Premièrement, les effets différés à la baisse ne sont pas symétriques de ceux à la hausse : une partie des baisses de TVA peut rester captée par les producteurs et fournisseurs. Les études empiriques soulignent que généralement la diffusion à la baisse des prix est partielle voire faible.

Deuxièmement, la plus grande part de la TVA récoltée par l’État est supportée par les ménages les plus aisés, car les inégalités des revenus avant redistribution sont fortes. Malgré une épargne nettement supérieure pour les plus aisés, les montants consommés croissent eux aussi avec le revenu.
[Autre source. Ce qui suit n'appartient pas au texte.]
theorem mainTheorem14:
  fixes n i j k :: nat
  assumes "n \<ge> 2"
    and "i \<in> {1..n}" and "j \<in> {1..n}" and "k \<in> {1..n}"
    and "j \<noteq> i" and "j \<noteq> k"
  shows "is_cyl n j (D2 n i k :: ((nat \<Rightarrow> 'i) \<Rightarrow> complex) set) \<and>
         (D2 n i k :: ((nat \<Rightarrow> 'i) \<Rightarrow> complex) set) = ex_H n j (D2 n i j \<inter> D2 n j k)"
proof -
  have i: "i \<in> {1..n}" and j: "j \<in> {1..n}" and k: "k \<in> {1..n}" and ij: "i \<noteq> j" and kj: "k \<noteq> j"
    using assms by auto
  let ?D' = "D2 (n-1) (drop_pos j i) (drop_pos j k) :: ((nat \<Rightarrow> 'i) \<Rightarrow> complex) set"
  have D': "closed_subspace (n-1) ?D'"
    using closed_subspace_D2 drop_pos_in i j k ij kj by blast
  have D_slicewise: "D2 n i k = slicewise n j ?D'"
    by (rule D2_eq_slicewise[OF j i k ij kj])
  have "ex_H n j (D2 n i j \<inter> D2 n j k) = slicewise n j ?D'"
  proof (rule ex_H_eq_slicewise[OF j D'])
    show "D2 n i j \<inter> D2 n j k \<subseteq> slicewise n j ?D'"
      unfolding D_slicewise[symmetric] by (rule D2_Int_D2_subset[OF i j k ij kj])
    fix T :: "((nat \<Rightarrow> 'i) \<Rightarrow> complex) set"
    assume T: "closed_subspace (n-1) T" and H: "D2 n i j \<inter> D2 n j k \<subseteq> slicewise n j T"
    show "?D' \<subseteq> T"
    proof (cases "i = k")
      case True
      then have "D2 n i j \<subseteq> slicewise n j T" and "?D' = tensor_space (n-1)"
        using H D2_same[OF drop_pos_in[OF j i ij]] by (simp_all add: D2_def insert_commute)
      then show ?thesis
        using tensor_space_subset_if_D2_subset_slicewise[OF i j ij T] by simp
    qed (rule D2_drop_subset_if_Int_subset_slicewise[OF i j k ij kj _ T H])
  qed
  then show ?thesis
    using D_slicewise is_cyl_slicewise[OF j D'] by simp
qed

end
Ainsi, 64 % de la TVA est portée par la moitié la plus aisée des ménages. Plus précisément, les 20 % les plus aisés s’acquittent de 32 % du total de TVA contre 12 % pour les 20 % les plus modestes. Réduire la TVA de 100 implique donc de diminuer la contribution des 20 % les plus aisés de 32.

Par ailleurs, quel que soit leur niveau de revenu, tous les ménages consomment des biens réputés de première nécessité : au-delà d’une consommation plus élevée en quantité, les ménages les plus aisés peuvent également opter pour des variétés de ces biens de prix plus élevés. Comme la TVA est proportionnelle aux prix, acheter un bien plus cher implique d’acquitter un montant de TVA en euros plus élevé.

Enfin, l’effet redistributif d’une baisse des taux réduit ou intermédiaire de TVA est limité. Il dépend des biens considérés, les produits alimentaires imposés à 5,5 % étant plus consommés par les ménages modestes alors que les services de restauration imposés à 10 % sont davantage consommés par les ménages aisés (Boutchenik 2015). Par ailleurs, les exonérations de TVA bénéficient relativement plus aux ménages modestes : elles représentent plus de 25 % de la consommation des 10 % les plus modestes contre 15 % pour les 10 % des ménages les plus aisés (André et Biotteau 2019). Parmi ces exonérations on trouve notamment les dépenses de loyer et de caution, de consultations et services médicaux, ou de services d’assurance.

Si une baisse de la TVA est bien suivie de baisses des prix, celle-ci profiterait à l’ensemble des ménages et donc également aux ménages les plus aisés. Baisser la TVA pour améliorer le niveau de vie des moins favorisés a donc un coût élevé pour les finances publiques. Une action spécifique envers les ménages aux plus bas revenus nécessite de recourir à des instruments plus ciblés.